Однажды, спустя почти неделю после возвращения матери, мы уловили обрывки жаркого спора: мать с отцом шепотом о чем-то ругались за закрытыми дверями. Мы с Обембе отправились в кинотеатр, располагавшийся рядом с почтой, а вернувшись, застали отца выносящим картонные коробки с книгами и рисунками Икенны. Почти все пожитки наших старших братьев уже громоздились кучей на пустыре, где мы когда-то играли в футбол. Обембе спросил у отца, зачем сжигать эти вещи, и отец ответил, что на этом настаивает мать: она не хочет, чтобы через эти предметы проклятье, наложенное Абулу, перешло с покойных сыновей на остальных членов семьи. Отвечая, отец даже не взглянул нас, а положив коробки, покачал головой и вернулся в дом за следующими. Когда в комнате больше ничего не осталось, стол Икенны придвинули к стене, окрашенной в пурпурный цвет и покрытой карандашными рисунками и акварелями. Сверху на него водрузили кривой стул. Отец вынес последние сумки с вещами Боджи и свалил в общую кучу. Ногой задвинул туда же гитару, которую Икенне — когда он еще был маленький — подарил уличный музыкант-растафари. Этот человек с дредами до лопаток частенько исполнял песни Лаки Дубе и Боба Марли, и послушать его сходилось много народу — и взрослые, и дети — со всего района. Он часто пел под кокосовой пальмой у ворот нашего дома, а Икенна — вопреки родительскому запрету — танцевал на потеху публике. Его даже прозвали Раста-бой, но отец быстро сорвал с него этот ярлык, прибегнув к силе болезненного Воздаяния.
Мы смотрели, как отец поливает кучу вещей керосином — последним, что у нас оставался, — из красной канистры. Несколько раз оглянувшись на дом, он чиркнул спичкой. Куча загорелась, и в воздух взметнулось облако дыма. Огонь пожирал пожитки Икенны и Боджи, те вещи, к которым они прикасались, пока были живы, и от чувства, что братья покинули нас окончательно, мне в сердце словно вонзилась тысяча гвоздей. Я очень живо помню, как боролась с огнем одна из любимых вещей Боджи, пестрая рубашка дашики. Она была сложена, но внезапно распахнулась — точно живое существо, борющееся за жизнь, а потом стала заваливаться назад, увядать, медленно рассыпаясь пеплом. Услышав всхлипы матери, я обернулся. Она покинула свою комнату и теперь сидела на земле в нескольких метрах от горящей кучи, а рядом с ней опустилась на корточки Нкем.

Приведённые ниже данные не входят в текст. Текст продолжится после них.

(* Let $A$ be a homothetically shrinking soliton centered at $(x_0,t_0)$ such that $i_VF=0$ for some non-zero vector $V\in\mathbb R^n$. Then $A$ descends to the hyperplane perpendicular to $V$: in an exponential gauge (one with $(x-x_0)^jA_j(x)=0$), one has $V^jA_j\equiv0$ and $A_j(x+cV)=A_j(x)$ for all $x\in\mathbb R^n$, $c\in\mathbb R$ and all $j$, so that $A$ is a connection on a trivial $G$-vector bundle over the hyperplane $V^\perp$ pulled back along the orthogonal projection.
   Context: $G\subset SO(r)$ compact with Lie algebra $\mathfrak g$; $E$ the trivial $G$-vector bundle over $\mathbb R^n$. Connection $A=A_idx^i$, curvature $F_{ij}=\partial_iA_j-\partial_jA_i+[A_i,A_j]$; repeated indices summed; $\nabla_pT=\partial_pT+[A_p,T]$; $i_VF=V^pF_{pj}dx^j$. A homothetically shrinking soliton centered at $(x_0,t_0)$ satisfies $\nabla_pF_{pj}-\frac1{2t_0}(x-x_0)^pF_{pj}=0$ for all $j$. *)

theory Defs
  imports "HOL-Analysis.Analysis"
begin

definition SO :: "(real^'r^'r) set" where
  "SO = {M. transpose M ** M = mat 1 \<and> det M = 1}"

definition compact_subgroup_SO :: "(real^'r^'r) set \<Rightarrow> bool" where
  "compact_subgroup_SO G \<longleftrightarrow> G \<subseteq> SO \<and> mat 1 \<in> G \<and>
     (\<forall>M\<in>G. \<forall>N\<in>G. M ** N \<in> G) \<and> (\<forall>M\<in>G. transpose M \<in> G) \<and> compact G"

primrec matpow :: "real^'r^'r \<Rightarrow> nat \<Rightarrow> real^'r^'r" where
  "matpow X 0 = mat 1"
| "matpow X (Suc k) = X ** matpow X k"

definition mexp :: "real^'r^'r \<Rightarrow> real^'r^'r" where
  "mexp X = (\<Sum>k. (1 / fact k) *\<^sub>R matpow X k)"

definition lie_algebra :: "(real^'r^'r) set \<Rightarrow> (real^'r^'r) set" where
  "lie_algebra G = {X. \<forall>t::real. mexp (t *\<^sub>R X) \<in> G}"

definition bracket :: "real^'r^'r \<Rightarrow> real^'r^'r \<Rightarrow> real^'r^'r" where
  "bracket X Y = X ** Y - Y ** X"

definition pd :: "'n::finite \<Rightarrow> (real^'n \<Rightarrow> 'b::real_normed_vector) \<Rightarrow> real^'n \<Rightarrow> 'b" where
  "pd i f x = frechet_derivative f (at x) (axis i 1)"

fun iter_pd :: "'n::finite list \<Rightarrow> (real^'n \<Rightarrow> 'b::real_normed_vector) \<Rightarrow> real^'n \<Rightarrow> 'b" where
  "iter_pd [] f = f"
| "iter_pd (i # is) f = pd i (iter_pd is f)"

definition smooth_fun :: "(real^'n::finite \<Rightarrow> 'b::real_normed_vector) \<Rightarrow> bool" where
  "smooth_fun f \<longleftrightarrow> (\<forall>is x. iter_pd is f differentiable (at x))"

definition curv :: "('n::finite \<Rightarrow> real^'n \<Rightarrow> real^'r^'r) \<Rightarrow> 'n \<Rightarrow> 'n \<Rightarrow> real^'n \<Rightarrow> real^'r^'r" where
  "curv A i j x = pd i (A j) x - pd j (A i) x + bracket (A i x) (A j x)"

definition cov_d :: "('n::finite \<Rightarrow> real^'n \<Rightarrow> real^'r^'r) \<Rightarrow> 'n \<Rightarrow> (real^'n \<Rightarrow> real^'r^'r) \<Rightarrow> real^'n \<Rightarrow> real^'r^'r" where
  "cov_d A p T x = pd p T x + bracket (A p x) (T x)"

definition shrinking_soliton :: "('n::finite \<Rightarrow> real^'n \<Rightarrow> real^'r^'r) \<Rightarrow> real^'n \<Rightarrow> real \<Rightarrow> bool" where
  "shrinking_soliton A x0 t0 \<longleftrightarrow> t0 > 0 \<and>
     (\<forall>j x. (\<Sum>p\<in>UNIV. cov_d A p (curv A p j) x)
            - (1 / (2 * t0)) *\<^sub>R (\<Sum>p\<in>UNIV. (x - x0) $ p *\<^sub>R curv A p j x) = 0)"

definition interior_VF :: "('n::finite \<Rightarrow> real^'n \<Rightarrow> real^'r^'r) \<Rightarrow> real^'n \<Rightarrow> 'n \<Rightarrow> real^'n \<Rightarrow> real^'r^'r" where
  "interior_VF A V j x = (\<Sum>p\<in>UNIV. V $ p *\<^sub>R curv A p j x)"

definition exponential_gauge :: "('n::finite \<Rightarrow> real^'n \<Rightarrow> real^'r^'r) \<Rightarrow> real^'n \<Rightarrow> bool" where
  "exponential_gauge A x0 \<longleftrightarrow> (\<forall>x. (\<Sum>j\<in>UNIV. (x - x0) $ j *\<^sub>R A j x) = 0)"

end

theory Submission
  imports Defs
begin

text \<open>Write \<open>y = x - x\<^sub>0\<close>. Differentiating the gauge condition \<open>y\<^sup>j A\<^sub>j = 0\<close> gives
  \<open>A\<^sub>k + y\<^sup>j \<partial>\<^sub>k A\<^sub>j = 0\<close>, so the radial contraction of the curvature is
  \<open>y\<^sup>j F\<^sub>p\<^sub>j = -(A\<^sub>p + y\<^sup>j \<partial>\<^sub>j A\<^sub>p)\<close> (the bracket term vanishes by the gauge condition again).
  Contracting \<open>i\<^sub>VF = 0\<close> with \<open>y\<close> therefore shows that \<open>S = V\<^sup>k A\<^sub>k\<close> satisfies the Euler equation
  \<open>S + y\<^sup>j \<partial>\<^sub>j S = 0\<close> of a function homogeneous of degree \<open>-1\<close> about \<open>x\<^sub>0\<close>; being smooth at \<open>x\<^sub>0\<close>,
  it vanishes (\<open>t S(x\<^sub>0 + t y)\<close> is constant in \<open>t\<close>). Then \<open>\<partial>\<^sub>j S = 0\<close> and \<open>[S, A\<^sub>j] = 0\<close>, so
  \<open>i\<^sub>VF = 0\<close> reduces to \<open>V\<^sup>k \<partial>\<^sub>k A\<^sub>j = 0\<close>: each \<open>A\<^sub>j\<close> is constant along \<open>V\<close>.\<close>

lemma linear_bracket_right: "linear (bracket X)"
  by (rule linearI) (auto simp: bracket_def vec_eq_iff matrix_matrix_mult_def sum.distrib
        algebra_simps sum_distrib_left)

lemma linear_bracket_left: "linear (\<lambda>X. bracket X Y)"
  by (rule linearI) (auto simp: bracket_def vec_eq_iff matrix_matrix_mult_def sum.distrib
        algebra_simps sum_distrib_left)

lemma linear_eq_sum_axis:
  fixes L :: "real^'n \<Rightarrow> 'b::real_vector"
  assumes "linear L"
  shows "L h = (\<Sum>k\<in>UNIV. h$k *\<^sub>R L (axis k 1))"
proof -
  have "L h = L (\<Sum>k\<in>UNIV. h$k *\<^sub>R axis k 1)"
    using basis_expansion[of h] by (simp add: scalar_mult_eq_scaleR)
  also have "\<dots> = (\<Sum>k\<in>UNIV. h$k *\<^sub>R L (axis k 1))"
    by (simp add: linear_sum[OF assms] linear_scale[OF assms])
  finally show ?thesis .
qed

lemma sum_axis_scaleR:
  fixes f :: "'n::finite \<Rightarrow> 'b::real_vector"
  shows "(\<Sum>j\<in>UNIV. axis k (1::real) $ j *\<^sub>R f j) = f k"
proof -
  have "(\<Sum>j\<in>UNIV. axis k (1::real) $ j *\<^sub>R f j) = (\<Sum>j\<in>UNIV. if k = j then f j else 0)"
    by (intro sum.cong) (auto simp: axis_def)
  then show ?thesis by simp
qed

lemma smooth_fun_differentiable: "smooth_fun f \<Longrightarrow> f differentiable (at x)"
  using iter_pd.simps(1) unfolding smooth_fun_def by metis

lemma frechet_derivative_eq_sum_pd:
  fixes f :: "real^'n::finite \<Rightarrow> 'b::real_normed_vector"
  assumes "f differentiable (at z)"
  shows "frechet_derivative f (at z) w = (\<Sum>k\<in>UNIV. w$k *\<^sub>R pd k f z)"
  unfolding pd_def
  by (rule linear_eq_sum_axis[OF has_derivative_linear[OF frechet_derivative_works[THEN iffD1, OF assms]]])

lemma has_derivative_of_vanishing:
  assumes "(f has_derivative f') (at z)" "\<And>x. f x = 0"
  shows "f' = (\<lambda>_. 0)"
proof -
  have "f = (\<lambda>_. 0)" using assms(2) by auto
  then show ?thesis using assms(1) has_derivative_const has_derivative_unique by metis
qed

lemma vanishes_if_euler_degree_minus_one:
  fixes f :: "'a::real_normed_vector \<Rightarrow> 'b::real_normed_vector"
  assumes df: "\<And>z. (f has_derivative f' z) (at z)"
    and euler: "\<And>z. f z + f' z (z - x0) = 0"
  shows "f x = 0"
proof -
  define y where "y = x - x0"
  define phi where "phi t = t *\<^sub>R f (x0 + t *\<^sub>R y)" for t :: real
  have "(phi has_derivative (\<lambda>_. 0)) (at t within UNIV)" for t
  proof -
    let ?z = "x0 + t *\<^sub>R y"
    have line: "((\<lambda>t. x0 + t *\<^sub>R y) has_derivative (\<lambda>h. h *\<^sub>R y)) (at t)"
      by (auto intro!: derivative_eq_intros)
    have "(phi has_derivative (\<lambda>h. t *\<^sub>R f' ?z (h *\<^sub>R y) + h *\<^sub>R f ?z)) (at t)"
      unfolding phi_def
      by (rule has_derivative_scaleR[OF has_derivative_ident has_derivative_compose[OF line df]])
    moreover have "t *\<^sub>R f' ?z (h *\<^sub>R y) + h *\<^sub>R f ?z = 0" for h
    proof -
      have "t *\<^sub>R f' ?z (h *\<^sub>R y) = h *\<^sub>R f' ?z (?z - x0)"
        using linear_scale[OF has_derivative_linear[OF df]] by (simp add: mult.commute)
      then show ?thesis
        using euler[of ?z] by (metis scaleR_right_distrib scaleR_zero_right add.commute)
    qed
    ultimately show ?thesis by simp
  qed
  then have "phi 1 = phi 0"
    by (intro has_derivative_zero_unique[OF convex_UNIV]) auto
  then show ?thesis by (simp add: phi_def y_def)
qed

lemma invariant_if_directional_derivative_zero:
  fixes f :: "'a::real_normed_vector \<Rightarrow> 'b::real_normed_vector"
  assumes df: "\<And>z. (f has_derivative f' z) (at z)"
    and "\<And>z. f' z v = 0"
  shows "f (x + c *\<^sub>R v) = f x"
proof -
  define psi where "psi s = f (x + s *\<^sub>R v)" for s :: real
  have "(psi has_derivative (\<lambda>_. 0)) (at s within UNIV)" for s
  proof -
    have line: "((\<lambda>s. x + s *\<^sub>R v) has_derivative (\<lambda>h. h *\<^sub>R v)) (at s)"
      by (auto intro!: derivative_eq_intros)
    have "(psi has_derivative (\<lambda>h. f' (x + s *\<^sub>R v) (h *\<^sub>R v))) (at s)"
      unfolding psi_def by (rule has_derivative_compose[OF line df])
    then show ?thesis
      using assms(2) linear_scale[OF has_derivative_linear[OF df]] by simp
  qed
  then have "psi c = psi 0"
    by (intro has_derivative_zero_unique[OF convex_UNIV]) auto
  then show ?thesis by (simp add: psi_def)
qed

lemma interior_VF_expand:
  "interior_VF A V j z =
     (\<Sum>k\<in>UNIV. V$k *\<^sub>R pd k (A j) z) - (\<Sum>k\<in>UNIV. V$k *\<^sub>R pd j (A k) z)
     + bracket (\<Sum>k\<in>UNIV. V$k *\<^sub>R A k z) (A j z)"
proof -
  have "bracket (\<Sum>k\<in>UNIV. V$k *\<^sub>R A k z) (A j z) = (\<Sum>k\<in>UNIV. V$k *\<^sub>R bracket (A k z) (A j z))"
    by (simp add: linear_sum[OF linear_bracket_left] linear_scale[OF linear_bracket_left])
  then show ?thesis
    by (simp add: interior_VF_def curv_def algebra_simps sum.distrib sum_subtractf)
qed

context
  fixes A :: "'n::finite \<Rightarrow> real^'n \<Rightarrow> real^'r^'r" and x0 :: "real^'n"
  assumes differentiable_A: "\<And>k z. A k differentiable (at z)"
    and gauge: "exponential_gauge A x0"
begin

lemma exponential_gauge_pd: "A k z + (\<Sum>j\<in>UNIV. (z - x0)$j *\<^sub>R pd k (A j) z) = 0"
proof -
  have "((\<lambda>x. \<Sum>j\<in>UNIV. (x - x0) $ j *\<^sub>R A j x) has_derivative
     (\<lambda>h. \<Sum>j\<in>UNIV. (z - x0) $ j *\<^sub>R frechet_derivative (A j) (at z) h + h $ j *\<^sub>R A j z)) (at z)"
    using differentiable_A
    by (auto intro!: derivative_eq_intros bounded_linear_imp_has_derivative[OF bounded_linear_vec_nth]
        simp: frechet_derivative_works)
  moreover have "(\<Sum>j\<in>UNIV. (x - x0) $ j *\<^sub>R A j x) = 0" for x
    using gauge unfolding exponential_gauge_def by blast
  ultimately have "(\<lambda>h. \<Sum>j\<in>UNIV. (z - x0) $ j *\<^sub>R frechet_derivative (A j) (at z) h + h $ j *\<^sub>R A j z)
      = (\<lambda>_. 0)"
    by (rule has_derivative_of_vanishing)
  from fun_cong[OF this, of "axis k 1"]
  have "(\<Sum>j\<in>UNIV. (z - x0) $ j *\<^sub>R pd k (A j) z + axis k 1 $ j *\<^sub>R A j z) = 0"
    by (simp only: pd_def)
  then show ?thesis
    by (simp add: sum.distrib sum_axis_scaleR add.commute)
qed

lemma exponential_gauge_radial_curv:
  "(\<Sum>j\<in>UNIV. (z - x0)$j *\<^sub>R curv A p j z) = - (A p z + frechet_derivative (A p) (at z) (z - x0))"
proof -
  let ?y = "z - x0"
  have "bracket (A p z) (\<Sum>j\<in>UNIV. ?y$j *\<^sub>R A j z) = (\<Sum>j\<in>UNIV. ?y$j *\<^sub>R bracket (A p z) (A j z))"
    by (simp add: linear_sum[OF linear_bracket_right] linear_scale[OF linear_bracket_right])
  then have "(\<Sum>j\<in>UNIV. ?y$j *\<^sub>R curv A p j z) =
    (\<Sum>j\<in>UNIV. ?y$j *\<^sub>R pd p (A j) z) - (\<Sum>j\<in>UNIV. ?y$j *\<^sub>R pd j (A p) z)
     + bracket (A p z) (\<Sum>j\<in>UNIV. ?y$j *\<^sub>R A j z)"
    by (simp add: curv_def algebra_simps sum.distrib sum_subtractf)
  also have "(\<Sum>j\<in>UNIV. ?y$j *\<^sub>R pd p (A j) z) = - A p z"
    using exponential_gauge_pd[of p z] by (simp add: eq_neg_iff_add_eq_0 add.commute)
  also have "(\<Sum>j\<in>UNIV. ?y$j *\<^sub>R pd j (A p) z) = frechet_derivative (A p) (at z) ?y"
    by (simp add: frechet_derivative_eq_sum_pd[OF differentiable_A])
  also have "(\<Sum>j\<in>UNIV. ?y$j *\<^sub>R A j z) = 0"
    using gauge by (simp add: exponential_gauge_def)
  finally show ?thesis by (simp add: linear_0[OF linear_bracket_right])
qed

context
  fixes V :: "real^'n"
  assumes interior_VF_zero: "\<And>j z. interior_VF A V j z = 0"
begin

private definition S :: "real^'n \<Rightarrow> real^'r^'r" where
  "S z = (\<Sum>k\<in>UNIV. V$k *\<^sub>R A k z)"

private lemma S_has_derivative:
  "(S has_derivative (\<lambda>h. \<Sum>k\<in>UNIV. V$k *\<^sub>R frechet_derivative (A k) (at z) h)) (at z)"
  unfolding S_def using differentiable_A
  by (auto intro!: derivative_eq_intros simp: frechet_derivative_works)

private lemma S_euler:
  "S z + (\<Sum>k\<in>UNIV. V$k *\<^sub>R frechet_derivative (A k) (at z) (z - x0)) = 0"
proof -
  let ?y = "z - x0"
  have "0 = (\<Sum>j\<in>UNIV. ?y$j *\<^sub>R interior_VF A V j z)"
    by (simp add: interior_VF_zero)
  also have "\<dots> = (\<Sum>p\<in>UNIV. V$p *\<^sub>R (\<Sum>j\<in>UNIV. ?y$j *\<^sub>R curv A p j z))"
    unfolding interior_VF_def scaleR_sum_right
    by (subst sum.swap) (simp add: mult.commute)
  also have "\<dots> = - (S z + (\<Sum>k\<in>UNIV. V$k *\<^sub>R frechet_derivative (A k) (at z) ?y))"
    by (simp only: exponential_gauge_radial_curv S_def scaleR_minus_right scaleR_right_distrib
        sum_negf sum.distrib)
  finally have "- (S z + (\<Sum>k\<in>UNIV. V$k *\<^sub>R frechet_derivative (A k) (at z) ?y)) = 0"
    by (rule sym)
  then show ?thesis
    by (rule iffD1[OF neg_equal_0_iff_equal])
qed

lemma interior_VF_zero_transversal: "(\<Sum>k\<in>UNIV. V$k *\<^sub>R A k x) = 0"
  using vanishes_if_euler_degree_minus_one[OF S_has_derivative S_euler] by (simp add: S_def)

lemma interior_VF_zero_translation_invariant: "A j (x + c *\<^sub>R V) = A j x"
proof (rule invariant_if_directional_derivative_zero)
  show "(A j has_derivative frechet_derivative (A j) (at z)) (at z)" for z
    using differentiable_A frechet_derivative_works by blast
  fix z
  have "S x = 0" for x
    using interior_VF_zero_transversal by (simp add: S_def)
  from fun_cong[OF has_derivative_of_vanishing[OF S_has_derivative[of z] this], of "axis j 1"]
  have "(\<Sum>k\<in>UNIV. V$k *\<^sub>R pd j (A k) z) = 0"
    by (simp only: pd_def)
  then have "(\<Sum>k\<in>UNIV. V$k *\<^sub>R pd k (A j) z) = 0"
    using interior_VF_expand[of A V j z] interior_VF_zero interior_VF_zero_transversal
    by (simp add: linear_0[OF linear_bracket_left])
  then show "frechet_derivative (A j) (at z) V = 0"
    by (simp add: frechet_derivative_eq_sum_pd[OF differentiable_A])
qed

end

end

theorem mainTheorem12:
  fixes G :: "(real^'r^'r) set"
    and A :: "'n::finite \<Rightarrow> real^'n \<Rightarrow> real^'r^'r"
    and x0 V :: "real^'n" and t0 :: real
  assumes "compact_subgroup_SO G"
    and "\<forall>i x. A i x \<in> lie_algebra G"
    and "\<forall>i. smooth_fun (A i)"
    and "shrinking_soliton A x0 t0"
    and "V \<noteq> 0"
    and "\<forall>j x. interior_VF A V j x = 0"
    and "exponential_gauge A x0"
  shows "(\<forall>x. (\<Sum>j\<in>UNIV. V $ j *\<^sub>R A j x) = 0) \<and>
         (\<forall>x c j. A j (x + c *\<^sub>R V) = A j x)"
proof -
  have differentiable: "A k differentiable (at z)" for k z
    using assms(3) smooth_fun_differentiable by blast
  show ?thesis
    using interior_VF_zero_transversal[OF differentiable assms(7)]
      interior_VF_zero_translation_invariant[OF differentiable assms(7)] assms(6)
    by simp
qed

end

Отец еще долго стоял возле костра, с пустой канистрой в руке, утирая влажные от слез глаза и запачканное лицо. Мы с Обембе встали подле него. Наконец заметив мать, отец отбросил канистру и направился к ней.
— Nwuyem, — произнес он, — я же говорил, что горе пройдет… Да. Нельзя горевать бесконечно. Я же говорил, что нельзя изменить порядок вещей: вчерашний день завтрашним не станет, а в завтрашний день нам не заглянуть раньше времени. Довольно, Адаку, умоляю тебя. Вот он я, вместе мы справимся.
Вокруг столба дыма кружила стая птиц, едва приметных в наступающей темноте. Небо над нами приобрело оттенок яркого пламени, а деревья превратились в силуэты — жутких свидетелей того, как обращаются в пепел портфель Икенны, сумки Боджи, дурная гитара, тетрадки с изображением М.К.О., фотографии, блокноты с рисунками Фифидона, головастиков, реки Оми-Алы, рыбацкие тряпки, одна из баночек, в которой мы надеялись держать рыбу, да так и не использовали, игрушечные автоматы, будильник, альбомы для рисования, спичечные коробки, нижнее белье, рубашки, брюки, обувь — все, чем братья когда-то владели и к чему прикасались, — поднималось и исчезало с дымом.